PROMPT — Start with the first line of the material. Repeat each line exactly through the one that contains "qed (use p in simp)".

INPUT RECORDS —
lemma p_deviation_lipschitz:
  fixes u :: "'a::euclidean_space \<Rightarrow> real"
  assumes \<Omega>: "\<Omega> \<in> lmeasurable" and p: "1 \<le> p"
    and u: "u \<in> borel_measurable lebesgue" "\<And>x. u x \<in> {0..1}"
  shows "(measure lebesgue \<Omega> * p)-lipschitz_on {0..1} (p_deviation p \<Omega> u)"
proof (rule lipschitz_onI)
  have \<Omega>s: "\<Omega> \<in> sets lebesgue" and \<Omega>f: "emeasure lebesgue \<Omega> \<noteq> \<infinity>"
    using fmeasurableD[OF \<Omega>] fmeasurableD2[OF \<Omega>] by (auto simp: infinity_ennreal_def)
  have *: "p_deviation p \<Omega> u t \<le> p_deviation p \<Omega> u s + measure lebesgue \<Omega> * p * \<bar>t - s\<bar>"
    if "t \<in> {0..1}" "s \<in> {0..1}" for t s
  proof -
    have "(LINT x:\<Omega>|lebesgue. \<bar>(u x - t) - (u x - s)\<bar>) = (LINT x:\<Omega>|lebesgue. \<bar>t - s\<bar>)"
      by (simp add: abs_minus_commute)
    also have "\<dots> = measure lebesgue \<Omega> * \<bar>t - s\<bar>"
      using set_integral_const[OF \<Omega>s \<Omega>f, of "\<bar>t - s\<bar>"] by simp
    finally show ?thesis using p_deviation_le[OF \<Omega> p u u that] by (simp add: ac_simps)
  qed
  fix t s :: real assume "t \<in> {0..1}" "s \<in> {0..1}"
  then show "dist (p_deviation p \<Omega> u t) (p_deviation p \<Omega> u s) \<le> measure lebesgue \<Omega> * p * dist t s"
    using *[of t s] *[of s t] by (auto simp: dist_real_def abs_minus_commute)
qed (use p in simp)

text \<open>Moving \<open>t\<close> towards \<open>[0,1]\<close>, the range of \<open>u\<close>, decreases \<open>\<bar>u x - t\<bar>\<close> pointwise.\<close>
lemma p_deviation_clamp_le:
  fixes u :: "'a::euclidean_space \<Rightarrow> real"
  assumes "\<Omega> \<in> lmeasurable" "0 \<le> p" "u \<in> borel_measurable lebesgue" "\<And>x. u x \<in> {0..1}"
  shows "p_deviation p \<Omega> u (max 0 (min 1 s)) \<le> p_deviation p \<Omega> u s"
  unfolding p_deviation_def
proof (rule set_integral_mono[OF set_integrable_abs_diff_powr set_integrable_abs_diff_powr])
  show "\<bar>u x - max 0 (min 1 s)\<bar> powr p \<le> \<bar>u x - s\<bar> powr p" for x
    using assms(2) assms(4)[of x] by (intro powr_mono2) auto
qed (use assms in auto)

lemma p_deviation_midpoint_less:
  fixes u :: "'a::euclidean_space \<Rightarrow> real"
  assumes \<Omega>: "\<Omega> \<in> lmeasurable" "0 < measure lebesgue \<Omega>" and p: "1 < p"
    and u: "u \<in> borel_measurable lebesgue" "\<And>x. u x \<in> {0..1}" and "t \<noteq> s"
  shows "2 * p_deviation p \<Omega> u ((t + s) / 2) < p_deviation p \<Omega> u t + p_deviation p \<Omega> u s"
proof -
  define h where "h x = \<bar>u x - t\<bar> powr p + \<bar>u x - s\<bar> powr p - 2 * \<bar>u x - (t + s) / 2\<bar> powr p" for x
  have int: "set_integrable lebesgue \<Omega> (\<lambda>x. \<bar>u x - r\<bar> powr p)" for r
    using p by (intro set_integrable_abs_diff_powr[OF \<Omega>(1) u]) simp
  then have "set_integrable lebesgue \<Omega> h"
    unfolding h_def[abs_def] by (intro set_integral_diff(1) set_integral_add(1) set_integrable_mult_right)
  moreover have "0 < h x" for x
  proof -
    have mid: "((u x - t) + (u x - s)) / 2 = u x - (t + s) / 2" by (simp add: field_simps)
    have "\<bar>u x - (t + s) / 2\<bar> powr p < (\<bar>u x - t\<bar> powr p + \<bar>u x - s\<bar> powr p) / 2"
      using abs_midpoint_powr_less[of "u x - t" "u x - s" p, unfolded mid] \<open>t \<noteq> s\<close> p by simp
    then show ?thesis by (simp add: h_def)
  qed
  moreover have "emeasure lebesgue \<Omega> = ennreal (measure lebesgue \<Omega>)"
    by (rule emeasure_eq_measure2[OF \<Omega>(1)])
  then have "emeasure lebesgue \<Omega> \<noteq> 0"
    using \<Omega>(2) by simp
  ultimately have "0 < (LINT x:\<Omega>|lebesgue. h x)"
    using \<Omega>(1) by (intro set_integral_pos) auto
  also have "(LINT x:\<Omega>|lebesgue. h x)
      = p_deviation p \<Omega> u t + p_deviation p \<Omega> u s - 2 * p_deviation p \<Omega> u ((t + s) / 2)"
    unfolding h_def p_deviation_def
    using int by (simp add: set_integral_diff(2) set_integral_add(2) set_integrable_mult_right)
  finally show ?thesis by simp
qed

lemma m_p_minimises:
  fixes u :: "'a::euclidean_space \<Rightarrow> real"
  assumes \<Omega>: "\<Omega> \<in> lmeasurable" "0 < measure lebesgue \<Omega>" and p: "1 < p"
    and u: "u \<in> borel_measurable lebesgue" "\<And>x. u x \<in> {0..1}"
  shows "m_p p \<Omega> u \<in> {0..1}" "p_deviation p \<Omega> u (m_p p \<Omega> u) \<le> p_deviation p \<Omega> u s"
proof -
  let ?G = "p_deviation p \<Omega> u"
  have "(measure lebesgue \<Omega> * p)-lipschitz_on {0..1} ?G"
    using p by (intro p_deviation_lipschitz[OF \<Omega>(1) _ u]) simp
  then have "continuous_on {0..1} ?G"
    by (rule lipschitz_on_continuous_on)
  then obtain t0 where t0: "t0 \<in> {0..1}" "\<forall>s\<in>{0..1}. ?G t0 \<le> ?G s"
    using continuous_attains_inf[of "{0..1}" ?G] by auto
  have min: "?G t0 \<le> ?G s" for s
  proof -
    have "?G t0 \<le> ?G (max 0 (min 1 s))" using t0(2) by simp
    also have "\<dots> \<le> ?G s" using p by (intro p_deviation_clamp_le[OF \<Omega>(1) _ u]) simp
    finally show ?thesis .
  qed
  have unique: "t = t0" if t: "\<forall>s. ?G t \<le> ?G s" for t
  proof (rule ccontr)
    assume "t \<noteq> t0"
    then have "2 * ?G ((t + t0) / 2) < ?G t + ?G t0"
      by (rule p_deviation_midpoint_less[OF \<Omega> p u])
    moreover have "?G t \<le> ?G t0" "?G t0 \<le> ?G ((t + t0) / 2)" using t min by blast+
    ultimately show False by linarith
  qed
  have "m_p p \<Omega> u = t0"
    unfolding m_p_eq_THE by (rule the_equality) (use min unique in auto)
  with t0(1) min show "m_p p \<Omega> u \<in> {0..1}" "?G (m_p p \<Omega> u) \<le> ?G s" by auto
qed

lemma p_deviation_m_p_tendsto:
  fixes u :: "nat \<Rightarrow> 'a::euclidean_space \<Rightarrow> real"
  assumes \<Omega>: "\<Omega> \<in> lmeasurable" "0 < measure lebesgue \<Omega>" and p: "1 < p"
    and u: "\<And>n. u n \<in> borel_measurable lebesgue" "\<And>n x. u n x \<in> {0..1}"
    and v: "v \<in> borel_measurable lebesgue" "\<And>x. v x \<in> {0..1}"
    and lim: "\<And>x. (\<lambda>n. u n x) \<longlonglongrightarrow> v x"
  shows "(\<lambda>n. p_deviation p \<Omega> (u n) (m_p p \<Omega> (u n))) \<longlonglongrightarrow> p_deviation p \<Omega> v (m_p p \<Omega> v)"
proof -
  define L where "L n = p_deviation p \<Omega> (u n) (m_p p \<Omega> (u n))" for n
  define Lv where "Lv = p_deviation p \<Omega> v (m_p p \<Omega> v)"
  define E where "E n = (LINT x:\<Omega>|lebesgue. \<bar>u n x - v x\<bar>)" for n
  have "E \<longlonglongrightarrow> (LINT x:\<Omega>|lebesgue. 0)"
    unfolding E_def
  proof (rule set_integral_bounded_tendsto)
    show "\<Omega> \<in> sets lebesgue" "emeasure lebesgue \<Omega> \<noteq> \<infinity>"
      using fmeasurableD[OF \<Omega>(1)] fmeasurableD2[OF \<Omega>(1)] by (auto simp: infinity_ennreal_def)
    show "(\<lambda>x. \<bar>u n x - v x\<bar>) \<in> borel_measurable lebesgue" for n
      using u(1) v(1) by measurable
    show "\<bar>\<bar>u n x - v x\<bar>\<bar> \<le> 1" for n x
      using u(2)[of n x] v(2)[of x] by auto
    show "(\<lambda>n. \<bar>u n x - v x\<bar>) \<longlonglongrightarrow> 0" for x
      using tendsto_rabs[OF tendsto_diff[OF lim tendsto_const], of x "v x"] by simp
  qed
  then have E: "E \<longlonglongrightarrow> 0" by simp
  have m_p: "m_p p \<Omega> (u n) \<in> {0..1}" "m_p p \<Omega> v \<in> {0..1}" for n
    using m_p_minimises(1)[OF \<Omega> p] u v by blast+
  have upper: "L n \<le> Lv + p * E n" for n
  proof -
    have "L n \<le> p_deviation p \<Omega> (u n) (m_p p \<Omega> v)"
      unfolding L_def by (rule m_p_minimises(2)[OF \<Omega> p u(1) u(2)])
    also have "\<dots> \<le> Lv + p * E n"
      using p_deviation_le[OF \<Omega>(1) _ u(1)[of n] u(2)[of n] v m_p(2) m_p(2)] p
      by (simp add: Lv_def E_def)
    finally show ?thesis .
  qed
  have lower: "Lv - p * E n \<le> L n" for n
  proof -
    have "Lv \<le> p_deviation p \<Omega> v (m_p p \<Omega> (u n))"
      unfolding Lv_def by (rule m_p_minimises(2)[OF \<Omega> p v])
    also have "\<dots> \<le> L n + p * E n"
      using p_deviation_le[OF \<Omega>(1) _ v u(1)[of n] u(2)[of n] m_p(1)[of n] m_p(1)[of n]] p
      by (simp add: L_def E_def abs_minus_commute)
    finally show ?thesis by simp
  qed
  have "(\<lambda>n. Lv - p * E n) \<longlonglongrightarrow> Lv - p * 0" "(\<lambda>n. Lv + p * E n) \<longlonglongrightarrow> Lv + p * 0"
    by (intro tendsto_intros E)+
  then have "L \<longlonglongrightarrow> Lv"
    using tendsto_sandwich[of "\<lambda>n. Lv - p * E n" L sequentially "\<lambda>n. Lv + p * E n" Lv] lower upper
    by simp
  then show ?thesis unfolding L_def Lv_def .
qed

RESULT FOR THIS EXERCISE —
lemma p_deviation_lipschitz:
  fixes u :: "'a::euclidean_space \<Rightarrow> real"
  assumes \<Omega>: "\<Omega> \<in> lmeasurable" and p: "1 \<le> p"
    and u: "u \<in> borel_measurable lebesgue" "\<And>x. u x \<in> {0..1}"
  shows "(measure lebesgue \<Omega> * p)-lipschitz_on {0..1} (p_deviation p \<Omega> u)"
proof (rule lipschitz_onI)
  have \<Omega>s: "\<Omega> \<in> sets lebesgue" and \<Omega>f: "emeasure lebesgue \<Omega> \<noteq> \<infinity>"
    using fmeasurableD[OF \<Omega>] fmeasurableD2[OF \<Omega>] by (auto simp: infinity_ennreal_def)
  have *: "p_deviation p \<Omega> u t \<le> p_deviation p \<Omega> u s + measure lebesgue \<Omega> * p * \<bar>t - s\<bar>"
    if "t \<in> {0..1}" "s \<in> {0..1}" for t s
  proof -
    have "(LINT x:\<Omega>|lebesgue. \<bar>(u x - t) - (u x - s)\<bar>) = (LINT x:\<Omega>|lebesgue. \<bar>t - s\<bar>)"
      by (simp add: abs_minus_commute)
    also have "\<dots> = measure lebesgue \<Omega> * \<bar>t - s\<bar>"
      using set_integral_const[OF \<Omega>s \<Omega>f, of "\<bar>t - s\<bar>"] by simp
    finally show ?thesis using p_deviation_le[OF \<Omega> p u u that] by (simp add: ac_simps)
  qed
  fix t s :: real assume "t \<in> {0..1}" "s \<in> {0..1}"
  then show "dist (p_deviation p \<Omega> u t) (p_deviation p \<Omega> u s) \<le> measure lebesgue \<Omega> * p * dist t s"
    using *[of t s] *[of s t] by (auto simp: dist_real_def abs_minus_commute)
qed (use p in simp)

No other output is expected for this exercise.